PROBLEM STATEMENT »
Print all of the data exactly as written.

EXERCISE DATA »

primrec mpow :: "real^'n^'n \<Rightarrow> nat \<Rightarrow> real^'n^'n" where
  "mpow M 0 = mat 1"
| "mpow M (Suc l) = M ** mpow M l"

definition positive_matrix :: "real^'n^'n \<Rightarrow> bool" where
  "positive_matrix M \<longleftrightarrow> (\<forall>i j. M$i$j > 0)"

definition nonneg_matrix :: "real^'n^'n \<Rightarrow> bool" where
  "nonneg_matrix M \<longleftrightarrow> (\<forall>i j. M$i$j \<ge> 0)"

definition primitive :: "real^'n^'n \<Rightarrow> bool" where
  "primitive M \<longleftrightarrow> nonneg_matrix M \<and> (\<exists>l. positive_matrix (mpow M l))"

definition prim_index :: "real^'n^'n \<Rightarrow> nat" where
  "prim_index M = (LEAST l. positive_matrix (mpow M l))"

definition birkhoff_theta :: "real^'n^'n \<Rightarrow> real" where
  "birkhoff_theta M = (let A = mpow M (prim_index M) in
     (MIN (i,j,k,l). (A$i$j * A$k$l) / (A$i$l * A$k$j)))"

definition birkhoff_tau :: "real^'n^'n \<Rightarrow> real" where
  "birkhoff_tau M = (1 - sqrt (birkhoff_theta M)) / (1 + sqrt (birkhoff_theta M))"

definition col_stochastic :: "real^'n^'n \<Rightarrow> bool" where
  "col_stochastic M \<longleftrightarrow> (\<forall>j. (\<Sum>i\<in>UNIV. M$i$j) = 1)"

definition is_eigenvalue :: "real^'n^'n \<Rightarrow> complex \<Rightarrow> bool" where
  "is_eigenvalue M c \<longleftrightarrow> (\<exists>z :: 'n \<Rightarrow> complex. (\<exists>j. z j \<noteq> 0) \<and>
      (\<forall>i. (\<Sum>j\<in>UNIV. of_real (M$i$j) * z j) = c * z i))"

definition max_eigenvalue_is :: "real^'n^'n \<Rightarrow> real \<Rightarrow> bool" where
  "max_eigenvalue_is M r \<longleftrightarrow> is_eigenvalue M (of_real r) \<and>
      (\<forall>c. is_eigenvalue M c \<longrightarrow> cmod c \<le> r)"

end

theory Submission
  imports Defs
begin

YOUR RESPONSE »
primrec mpow :: "real^'n^'n \<Rightarrow> nat \<Rightarrow> real^'n^'n" where
  "mpow M 0 = mat 1"
| "mpow M (Suc l) = M ** mpow M l"

definition positive_matrix :: "real^'n^'n \<Rightarrow> bool" where
  "positive_matrix M \<longleftrightarrow> (\<forall>i j. M$i$j > 0)"

definition nonneg_matrix :: "real^'n^'n \<Rightarrow> bool" where
  "nonneg_matrix M \<longleftrightarrow> (\<forall>i j. M$i$j \<ge> 0)"

definition primitive :: "real^'n^'n \<Rightarrow> bool" where
  "primitive M \<longleftrightarrow> nonneg_matrix M \<and> (\<exists>l. positive_matrix (mpow M l))"

definition prim_index :: "real^'n^'n \<Rightarrow> nat" where
  "prim_index M = (LEAST l. positive_matrix (mpow M l))"

definition birkhoff_theta :: "real^'n^'n \<Rightarrow> real" where
  "birkhoff_theta M = (let A = mpow M (prim_index M) in
     (MIN (i,j,k,l). (A$i$j * A$k$l) / (A$i$l * A$k$j)))"

definition birkhoff_tau :: "real^'n^'n \<Rightarrow> real" where
  "birkhoff_tau M = (1 - sqrt (birkhoff_theta M)) / (1 + sqrt (birkhoff_theta M))"

definition col_stochastic :: "real^'n^'n \<Rightarrow> bool" where
  "col_stochastic M \<longleftrightarrow> (\<forall>j. (\<Sum>i\<in>UNIV. M$i$j) = 1)"

definition is_eigenvalue :: "real^'n^'n \<Rightarrow> complex \<Rightarrow> bool" where
  "is_eigenvalue M c \<longleftrightarrow> (\<exists>z :: 'n \<Rightarrow> complex. (\<exists>j. z j \<noteq> 0) \<and>
      (\<forall>i. (\<Sum>j\<in>UNIV. of_real (M$i$j) * z j) = c * z i))"

definition max_eigenvalue_is :: "real^'n^'n \<Rightarrow> real \<Rightarrow> bool" where
  "max_eigenvalue_is M r \<longleftrightarrow> is_eigenvalue M (of_real r) \<and>
      (\<forall>c. is_eigenvalue M c \<longrightarrow> cmod c \<le> r)"

end

theory Submission
  imports Defs
begin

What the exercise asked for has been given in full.